BEGIN
(* Let $n\ge2$, let $f:2^{[n]}\to\mathbb{R}_+$ be monotone submodular, and let $\mathbf{x}=(x,\dots,x)\in[0,1]^n$ with $x\le 1/(n-1)$ or $x\ge(n-2)/(n-1)$. Then $f^{+}(\mathbf{x})/f^{++}(\mathbf{x})\le4/3$ (with the convention $0/0=1$).
   Context: $[n]=\{1,\dots,n\}$. A set function $f:2^{[n]}\to\mathbb{R}_+$ is monotone if $f(S)\le f(T)$ for $S\subseteq T$, submodular if $f(S)+f(T)\ge f(S\cap T)+f(S\cup T)$. For $\mathbf{x}\in[0,1]^n$: the concave closure $f^{+}(\mathbf{x})=\max\sum_{S\subseteq[n]}\theta(S)f(S)$ over $\theta:2^{[n]}\to\mathbb{R}_{\ge0}$ with $\sum_S\theta(S)=1$ and $\sum_{S\ni i}\theta(S)=x_i$ for all $i$; the upper pairwise independent extension $f^{++}(\mathbf{x})$ is the same maximum with the additional constraints $\sum_{S\ni i,j}\theta(S)=x_ix_j$ for all $i<j$. *)

theory Defs
  imports Main "HOL-Library.FuncSet" Complex_Main
begin

text \<open>Ground set [n] = {1..n}; set functions are f :: nat set => real, only their
values on subsets of {1..n} matter. Points x in [0,1]^n are functions nat => real,
only the values on {1..n} matter.\<close>

definition monotone_setfun :: "nat \<Rightarrow> (nat set \<Rightarrow> real) \<Rightarrow> bool" where
  "monotone_setfun n f \<longleftrightarrow> (\<forall>S T. S \<subseteq> T \<and> T \<subseteq> {1..n} \<longrightarrow> f S \<le> f T)"

definition submodular_setfun :: "nat \<Rightarrow> (nat set \<Rightarrow> real) \<Rightarrow> bool" where
  "submodular_setfun n f \<longleftrightarrow>
     (\<forall>S T. S \<subseteq> {1..n} \<and> T \<subseteq> {1..n} \<longrightarrow> f S + f T \<ge> f (S \<inter> T) + f (S \<union> T))"

definition nonneg_setfun :: "nat \<Rightarrow> (nat set \<Rightarrow> real) \<Rightarrow> bool" where
  "nonneg_setfun n f \<longleftrightarrow> (\<forall>S. S \<subseteq> {1..n} \<longrightarrow> f S \<ge> 0)"

definition marginal_dist :: "nat \<Rightarrow> (nat \<Rightarrow> real) \<Rightarrow> (nat set \<Rightarrow> real) \<Rightarrow> bool" where
  "marginal_dist n x \<theta> \<longleftrightarrow>
     (\<forall>S\<in>Pow {1..n}. \<theta> S \<ge> 0) \<and>
     (\<Sum>S\<in>Pow {1..n}. \<theta> S) = 1 \<and>
     (\<forall>i\<in>{1..n}. (\<Sum>S\<in>{S\<in>Pow {1..n}. i \<in> S}. \<theta> S) = x i)"

definition pairwise_indep_dist :: "nat \<Rightarrow> (nat \<Rightarrow> real) \<Rightarrow> (nat set \<Rightarrow> real) \<Rightarrow> bool" where
  "pairwise_indep_dist n x \<theta> \<longleftrightarrow>
     marginal_dist n x \<theta> \<and>
     (\<forall>i\<in>{1..n}. \<forall>j\<in>{1..n}. i < j \<longrightarrow>
        (\<Sum>S\<in>{S\<in>Pow {1..n}. i \<in> S \<and> j \<in> S}. \<theta> S) = x i * x j)"

text \<open>Concave closure f^+ (the maximum is attained; we take the supremum).\<close>
definition concave_closure :: "nat \<Rightarrow> (nat set \<Rightarrow> real) \<Rightarrow> (nat \<Rightarrow> real) \<Rightarrow> real" where
  "concave_closure n f x =
     Sup {(\<Sum>S\<in>Pow {1..n}. \<theta> S * f S) | \<theta>. marginal_dist n x \<theta>}"

definition upper_pi_ext :: "nat \<Rightarrow> (nat set \<Rightarrow> real) \<Rightarrow> (nat \<Rightarrow> real) \<Rightarrow> real" where
  "upper_pi_ext n f x =
     Sup {(\<Sum>S\<in>Pow {1..n}. \<theta> S * f S) | \<theta>. pairwise_indep_dist n x \<theta>}"

end

theory Submission
  imports Defs
begin

text \<open>It suffices to exhibit one pairwise independent distribution \<open>\<theta>\<^sub>0\<close> with marginals \<open>x\<close>
whose value is at least \<open>3/4\<close> of the value of every distribution with marginals \<open>x\<close>.
For \<open>(n - 1) x \<le> 1\<close>, put mass \<open>(1 - x)(1 - (n - 1) x)\<close> on \<open>\<emptyset>\<close>, \<open>x (1 - x)\<close> on each
singleton and \<open>x\<^sup>2\<close> on \<open>[n]\<close>; any distribution with marginals \<open>x\<close> has value at most
\<open>f[n]\<close> and, by submodularity, at most \<open>f \<emptyset> + x \<Sum>\<^sub>i (f {i} - f \<emptyset>)\<close>, and
\<open>1 - x + x\<^sup>2 \<ge> 3/4\<close> compares both bounds with the value of \<open>\<theta>\<^sub>0\<close>.
For \<open>(n - 1)(1 - x) \<le> 1\<close>, take the image of the former distribution for \<open>1 - x\<close> under
complementation, and use instead the submodular bound \<open>f[n] - (1 - x) \<Sum>\<^sub>i (f[n] - f([n] - {i}))\<close>.\<close>

definition expectation :: "nat \<Rightarrow> (nat set \<Rightarrow> real) \<Rightarrow> (nat set \<Rightarrow> real) \<Rightarrow> real" where
  "expectation n \<theta> g = (\<Sum>S\<in>Pow {1..n}. \<theta> S * g S)"

lemma expectation_cong:
  "(\<And>S. S \<subseteq> {1..n} \<Longrightarrow> g S = h S) \<Longrightarrow> expectation n \<theta> g = expectation n \<theta> h"
  unfolding expectation_def by (intro sum.cong) auto

lemma expectation_add:
  "expectation n \<theta> (\<lambda>S. g S + h S) = expectation n \<theta> g + expectation n \<theta> h"
  unfolding expectation_def by (simp add: distrib_left sum.distrib)

lemma expectation_diff:
  "expectation n \<theta> (\<lambda>S. g S - h S) = expectation n \<theta> g - expectation n \<theta> h"
  unfolding expectation_def by (simp add: right_diff_distrib sum_subtractf)

lemma expectation_cmult:
  "expectation n \<theta> (\<lambda>S. c * g S) = c * expectation n \<theta> g"
  unfolding expectation_def by (simp add: sum_distrib_left mult.left_commute)

lemma expectation_sum:
  "expectation n \<theta> (\<lambda>S. \<Sum>i\<in>I. g i S) = (\<Sum>i\<in>I. expectation n \<theta> (g i))"
  unfolding expectation_def by (simp add: sum_distrib_left sum.swap[of _ I])

lemma expectation_compl:
  "expectation n (\<lambda>S. \<theta> ({1..n} - S)) g = expectation n \<theta> (\<lambda>S. g ({1..n} - S))"
  unfolding expectation_def
  by (rule sum.reindex_bij_witness[where i="\<lambda>S. {1..n} - S" and j="\<lambda>S. {1..n} - S"])
     (auto simp: Diff_Diff_Int Int_absorb1)

lemma sum_filter_Pow_eq_expectation:
  "(\<Sum>S\<in>{S\<in>Pow {1..n}. P S}. \<theta> S) = expectation n \<theta> (\<lambda>S. of_bool (P S))"
proof -
  have "expectation n \<theta> (\<lambda>S. of_bool (P S)) = (\<Sum>S\<in>Pow {1..n}. if P S then \<theta> S else 0)"
    unfolding expectation_def by (intro sum.cong) auto
  then show ?thesis using sum.inter_filter[of "Pow {1..n}" \<theta> P] by simp
qed

lemma marginal_dist_iff_expectation:
  "marginal_dist n x \<theta> \<longleftrightarrow>
     (\<forall>S\<in>Pow {1..n}. 0 \<le> \<theta> S) \<and> expectation n \<theta> (\<lambda>_. 1) = 1 \<and>
     (\<forall>i\<in>{1..n}. expectation n \<theta> (\<lambda>S. of_bool (i \<in> S)) = x i)"
  unfolding marginal_dist_def sum_filter_Pow_eq_expectation by (simp add: expectation_def)

lemma pairwise_indep_dist_iff_expectation:
  "pairwise_indep_dist n x \<theta> \<longleftrightarrow> marginal_dist n x \<theta> \<and>
     (\<forall>i\<in>{1..n}. \<forall>j\<in>{1..n}. i < j \<longrightarrow>
        expectation n \<theta> (\<lambda>S. of_bool (i \<in> S \<and> j \<in> S)) = x i * x j)"
  unfolding pairwise_indep_dist_def sum_filter_Pow_eq_expectation ..

lemma expectation_const:
  assumes "marginal_dist n x \<theta>"
  shows "expectation n \<theta> (\<lambda>_. c) = c"
proof -
  have "expectation n \<theta> (\<lambda>_. c) = c * expectation n \<theta> (\<lambda>_. 1)"
    using expectation_cmult[of n \<theta> c "\<lambda>_. 1"] by simp
  then show ?thesis using assms by (simp add: marginal_dist_iff_expectation)
qed

lemma expectation_mono:
  assumes "marginal_dist n x \<theta>" "\<And>S. S \<subseteq> {1..n} \<Longrightarrow> g S \<le> h S"
  shows "expectation n \<theta> g \<le> expectation n \<theta> h"
  using assms unfolding marginal_dist_def expectation_def by (intro sum_mono mult_left_mono) auto

lemma expectation_nonneg:
  "marginal_dist n x \<theta> \<Longrightarrow> nonneg_setfun n f \<Longrightarrow> 0 \<le> expectation n \<theta> f"
  using expectation_mono[of n x \<theta> "\<lambda>_. 0" f] expectation_const[of n x \<theta> 0]
  by (simp add: nonneg_setfun_def)

lemma expectation_le_top:
  "marginal_dist n x \<theta> \<Longrightarrow> monotone_setfun n f \<Longrightarrow> expectation n \<theta> f \<le> f {1..n}"
  using expectation_mono[of n x \<theta> f "\<lambda>_. f {1..n}"] expectation_const[of n x \<theta> "f {1..n}"]
  by (simp add: monotone_setfun_def)

lemma expectation_modular:
  assumes "marginal_dist n x \<theta>"
  shows "expectation n \<theta> (\<lambda>S. K + (\<Sum>i\<in>S. c i)) = K + (\<Sum>i\<in>{1..n}. x i * c i)"
proof -
  have "expectation n \<theta> (\<lambda>S. K + (\<Sum>i\<in>S. c i))
      = expectation n \<theta> (\<lambda>S. K + (\<Sum>i\<in>{1..n}. c i * of_bool (i \<in> S)))"
  proof (rule expectation_cong)
    fix S :: "nat set" assume "S \<subseteq> {1..n}"
    then have "{i \<in> {1..n}. i \<in> S} = S" by auto
    then show "K + (\<Sum>i\<in>S. c i) = K + (\<Sum>i\<in>{1..n}. c i * of_bool (i \<in> S))"
      using sum.inter_filter[of "{1..n}" c "\<lambda>i. i \<in> S"] by (simp add: of_bool_def if_distrib cong: if_cong)
  qed
  also have "\<dots> = K + (\<Sum>i\<in>{1..n}. c i * expectation n \<theta> (\<lambda>S. of_bool (i \<in> S)))"
    by (simp only: expectation_add expectation_sum expectation_cmult expectation_const[OF assms])
  also have "\<dots> = K + (\<Sum>i\<in>{1..n}. x i * c i)"
    using assms by (simp add: marginal_dist_iff_expectation mult.commute)
  finally show ?thesis .
qed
END
[What you need to do] Beginning with the line containing "S \<subseteq> T" in the material above, copy every line exactly until you have copied the line containing "text \<open>Concave closure".

[Solution below]
  "monotone_setfun n f \<longleftrightarrow> (\<forall>S T. S \<subseteq> T \<and> T \<subseteq> {1..n} \<longrightarrow> f S \<le> f T)"

definition submodular_setfun :: "nat \<Rightarrow> (nat set \<Rightarrow> real) \<Rightarrow> bool" where
  "submodular_setfun n f \<longleftrightarrow>
     (\<forall>S T. S \<subseteq> {1..n} \<and> T \<subseteq> {1..n} \<longrightarrow> f S + f T \<ge> f (S \<inter> T) + f (S \<union> T))"

definition nonneg_setfun :: "nat \<Rightarrow> (nat set \<Rightarrow> real) \<Rightarrow> bool" where
  "nonneg_setfun n f \<longleftrightarrow> (\<forall>S. S \<subseteq> {1..n} \<longrightarrow> f S \<ge> 0)"

definition marginal_dist :: "nat \<Rightarrow> (nat \<Rightarrow> real) \<Rightarrow> (nat set \<Rightarrow> real) \<Rightarrow> bool" where
  "marginal_dist n x \<theta> \<longleftrightarrow>
     (\<forall>S\<in>Pow {1..n}. \<theta> S \<ge> 0) \<and>
     (\<Sum>S\<in>Pow {1..n}. \<theta> S) = 1 \<and>
     (\<forall>i\<in>{1..n}. (\<Sum>S\<in>{S\<in>Pow {1..n}. i \<in> S}. \<theta> S) = x i)"

definition pairwise_indep_dist :: "nat \<Rightarrow> (nat \<Rightarrow> real) \<Rightarrow> (nat set \<Rightarrow> real) \<Rightarrow> bool" where
  "pairwise_indep_dist n x \<theta> \<longleftrightarrow>
     marginal_dist n x \<theta> \<and>
     (\<forall>i\<in>{1..n}. \<forall>j\<in>{1..n}. i < j \<longrightarrow>
        (\<Sum>S\<in>{S\<in>Pow {1..n}. i \<in> S \<and> j \<in> S}. \<theta> S) = x i * x j)"

text \<open>Concave closure f^+ (the maximum is attained; we take the supremum).\<close>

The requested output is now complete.